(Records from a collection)
(* Let $G=(V,P,d)$ be a reversible metric Markov chain with non-negative Ollivier curvature. Assume $V=X\,\dot\cup\,K\,\dot\cup\,Y$ with $K$ a nonempty finite set and no $x\in X$, $y\in Y$ with $x\sim y$. Then there exists a 1-Lipschitz function $f$ and a constant $C$ such that (i) $\Delta f=C$ on $K$; (ii) $f=\min\{g\in\operatorname{Lip}(1): g|_K=f|_K\}$ on $X$; (iii) $f=\max\{g\in\operatorname{Lip}(1): g|_K=f|_K\}$ on $Y$. Moreover, $\Delta f\ge C$ on $X$ and $\Delta f\le C$ on $Y$.
   Context: A reversible metric Markov chain $G=(V,P,d)$: $V$ finite; $P:V\times V\to[0,\infty)$ with symmetric support; write $x\sim y$ iff $x\ne y$ and $P(x,y)>0$; $d:V\times V\to[0,\infty)$ is a path distance, i.e. $d(x,y)=\inf\{\sum_{k=1}^nd(x_{k-1},x_k): x=x_0\sim\dots\sim x_n=y\}$, finite for all $x,y$ (connectedness); there is a probability $m$ with $m(x)P(x,y)=m(y)P(y,x)$. $\operatorname{Lip}(1)=\{f:|f(y)-f(x)|\le d(x,y)\ \forall x,y\}$. $\Delta f(x)=\sum_yP(x,y)(f(y)-f(x))$. Ollivier curvature of $x\sim y$: $\kappa(x,y)=\inf\{(\Delta f(x)-\Delta f(y))/d(x,y): f\in\operatorname{Lip}(1),\ f(y)-f(x)=d(x,y)\}$; non-negative Ollivier curvature means $\kappa(x,y)\ge0$ for all $x\sim y$. *)

theory Defs
  imports Complex_Main
begin

definition adj :: "('a \<Rightarrow> 'a \<Rightarrow> real) \<Rightarrow> 'a \<Rightarrow> 'a \<Rightarrow> bool" where
  "adj P x y \<longleftrightarrow> x \<noteq> y \<and> P x y > 0"

definition is_walk :: "'a set \<Rightarrow> ('a \<Rightarrow> 'a \<Rightarrow> real) \<Rightarrow> 'a list \<Rightarrow> 'a \<Rightarrow> 'a \<Rightarrow> bool" where
  "is_walk V P ps x y \<longleftrightarrow> ps \<noteq> [] \<and> hd ps = x \<and> last ps = y \<and> set ps \<subseteq> V \<and>
     (\<forall>i. Suc i < length ps \<longrightarrow> adj P (ps ! i) (ps ! Suc i))"

definition walk_length :: "('a \<Rightarrow> 'a \<Rightarrow> real) \<Rightarrow> 'a list \<Rightarrow> real" where
  "walk_length d ps = (\<Sum>i<length ps - 1. d (ps ! i) (ps ! Suc i))"

definition rev_metric_markov_chain ::
  "'a set \<Rightarrow> ('a \<Rightarrow> 'a \<Rightarrow> real) \<Rightarrow> ('a \<Rightarrow> 'a \<Rightarrow> real) \<Rightarrow> bool" where
  "rev_metric_markov_chain V P d \<longleftrightarrow>
     finite V \<and>
     (\<forall>x\<in>V. \<forall>y\<in>V. P x y \<ge> 0) \<and>
     (\<forall>x\<in>V. \<forall>y\<in>V. P x y > 0 \<longleftrightarrow> P y x > 0) \<and>
     (\<forall>x\<in>V. \<forall>y\<in>V. d x y \<ge> 0) \<and>
     (\<forall>x\<in>V. \<forall>y\<in>V. x \<noteq> y \<longrightarrow> d x y > 0) \<and>
     (\<forall>x\<in>V. \<forall>y\<in>V. \<exists>ps. is_walk V P ps x y) \<and>
     (\<forall>x\<in>V. \<forall>y\<in>V. d x y = Inf {walk_length d ps | ps. is_walk V P ps x y}) \<and>
     (\<exists>m. (\<forall>x\<in>V. m x \<ge> 0) \<and> (\<Sum>x\<in>V. m x) = 1 \<and>
          (\<forall>x\<in>V. \<forall>y\<in>V. m x * P x y = m y * P y x))"

definition Lip1 :: "'a set \<Rightarrow> ('a \<Rightarrow> 'a \<Rightarrow> real) \<Rightarrow> ('a \<Rightarrow> real) \<Rightarrow> bool" where
  "Lip1 V d f \<longleftrightarrow> (\<forall>x\<in>V. \<forall>y\<in>V. \<bar>f y - f x\<bar> \<le> d x y)"

definition laplacian :: "'a set \<Rightarrow> ('a \<Rightarrow> 'a \<Rightarrow> real) \<Rightarrow> ('a \<Rightarrow> real) \<Rightarrow> 'a \<Rightarrow> real" where
  "laplacian V P f x = (\<Sum>y\<in>V. P x y * (f y - f x))"

definition ollivier_curv ::
  "'a set \<Rightarrow> ('a \<Rightarrow> 'a \<Rightarrow> real) \<Rightarrow> ('a \<Rightarrow> 'a \<Rightarrow> real) \<Rightarrow> 'a \<Rightarrow> 'a \<Rightarrow> real" where
  "ollivier_curv V P d x y =
     Inf {(laplacian V P f x - laplacian V P f y) / d x y | f. Lip1 V d f \<and> f y - f x = d x y}"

**Problem to work on:** Reproduce all of the entries word for word. Omit nothing.

**Solution:**
(* Let $G=(V,P,d)$ be a reversible metric Markov chain with non-negative Ollivier curvature. Assume $V=X\,\dot\cup\,K\,\dot\cup\,Y$ with $K$ a nonempty finite set and no $x\in X$, $y\in Y$ with $x\sim y$. Then there exists a 1-Lipschitz function $f$ and a constant $C$ such that (i) $\Delta f=C$ on $K$; (ii) $f=\min\{g\in\operatorname{Lip}(1): g|_K=f|_K\}$ on $X$; (iii) $f=\max\{g\in\operatorname{Lip}(1): g|_K=f|_K\}$ on $Y$. Moreover, $\Delta f\ge C$ on $X$ and $\Delta f\le C$ on $Y$.
   Context: A reversible metric Markov chain $G=(V,P,d)$: $V$ finite; $P:V\times V\to[0,\infty)$ with symmetric support; write $x\sim y$ iff $x\ne y$ and $P(x,y)>0$; $d:V\times V\to[0,\infty)$ is a path distance, i.e. $d(x,y)=\inf\{\sum_{k=1}^nd(x_{k-1},x_k): x=x_0\sim\dots\sim x_n=y\}$, finite for all $x,y$ (connectedness); there is a probability $m$ with $m(x)P(x,y)=m(y)P(y,x)$. $\operatorname{Lip}(1)=\{f:|f(y)-f(x)|\le d(x,y)\ \forall x,y\}$. $\Delta f(x)=\sum_yP(x,y)(f(y)-f(x))$. Ollivier curvature of $x\sim y$: $\kappa(x,y)=\inf\{(\Delta f(x)-\Delta f(y))/d(x,y): f\in\operatorname{Lip}(1),\ f(y)-f(x)=d(x,y)\}$; non-negative Ollivier curvature means $\kappa(x,y)\ge0$ for all $x\sim y$. *)

theory Defs
  imports Complex_Main
begin

definition adj :: "('a \<Rightarrow> 'a \<Rightarrow> real) \<Rightarrow> 'a \<Rightarrow> 'a \<Rightarrow> bool" where
  "adj P x y \<longleftrightarrow> x \<noteq> y \<and> P x y > 0"

definition is_walk :: "'a set \<Rightarrow> ('a \<Rightarrow> 'a \<Rightarrow> real) \<Rightarrow> 'a list \<Rightarrow> 'a \<Rightarrow> 'a \<Rightarrow> bool" where
  "is_walk V P ps x y \<longleftrightarrow> ps \<noteq> [] \<and> hd ps = x \<and> last ps = y \<and> set ps \<subseteq> V \<and>
     (\<forall>i. Suc i < length ps \<longrightarrow> adj P (ps ! i) (ps ! Suc i))"

definition walk_length :: "('a \<Rightarrow> 'a \<Rightarrow> real) \<Rightarrow> 'a list \<Rightarrow> real" where
  "walk_length d ps = (\<Sum>i<length ps - 1. d (ps ! i) (ps ! Suc i))"

definition rev_metric_markov_chain ::
  "'a set \<Rightarrow> ('a \<Rightarrow> 'a \<Rightarrow> real) \<Rightarrow> ('a \<Rightarrow> 'a \<Rightarrow> real) \<Rightarrow> bool" where
  "rev_metric_markov_chain V P d \<longleftrightarrow>
     finite V \<and>
     (\<forall>x\<in>V. \<forall>y\<in>V. P x y \<ge> 0) \<and>
     (\<forall>x\<in>V. \<forall>y\<in>V. P x y > 0 \<longleftrightarrow> P y x > 0) \<and>
     (\<forall>x\<in>V. \<forall>y\<in>V. d x y \<ge> 0) \<and>
     (\<forall>x\<in>V. \<forall>y\<in>V. x \<noteq> y \<longrightarrow> d x y > 0) \<and>
     (\<forall>x\<in>V. \<forall>y\<in>V. \<exists>ps. is_walk V P ps x y) \<and>
     (\<forall>x\<in>V. \<forall>y\<in>V. d x y = Inf {walk_length d ps | ps. is_walk V P ps x y}) \<and>
     (\<exists>m. (\<forall>x\<in>V. m x \<ge> 0) \<and> (\<Sum>x\<in>V. m x) = 1 \<and>
          (\<forall>x\<in>V. \<forall>y\<in>V. m x * P x y = m y * P y x))"

definition Lip1 :: "'a set \<Rightarrow> ('a \<Rightarrow> 'a \<Rightarrow> real) \<Rightarrow> ('a \<Rightarrow> real) \<Rightarrow> bool" where
  "Lip1 V d f \<longleftrightarrow> (\<forall>x\<in>V. \<forall>y\<in>V. \<bar>f y - f x\<bar> \<le> d x y)"

definition laplacian :: "'a set \<Rightarrow> ('a \<Rightarrow> 'a \<Rightarrow> real) \<Rightarrow> ('a \<Rightarrow> real) \<Rightarrow> 'a \<Rightarrow> real" where
  "laplacian V P f x = (\<Sum>y\<in>V. P x y * (f y - f x))"

definition ollivier_curv ::
  "'a set \<Rightarrow> ('a \<Rightarrow> 'a \<Rightarrow> real) \<Rightarrow> ('a \<Rightarrow> 'a \<Rightarrow> real) \<Rightarrow> 'a \<Rightarrow> 'a \<Rightarrow> real" where
  "ollivier_curv V P d x y =
     Inf {(laplacian V P f x - laplacian V P f y) / d x y | f. Lip1 V d f \<and> f y - f x = d x y}"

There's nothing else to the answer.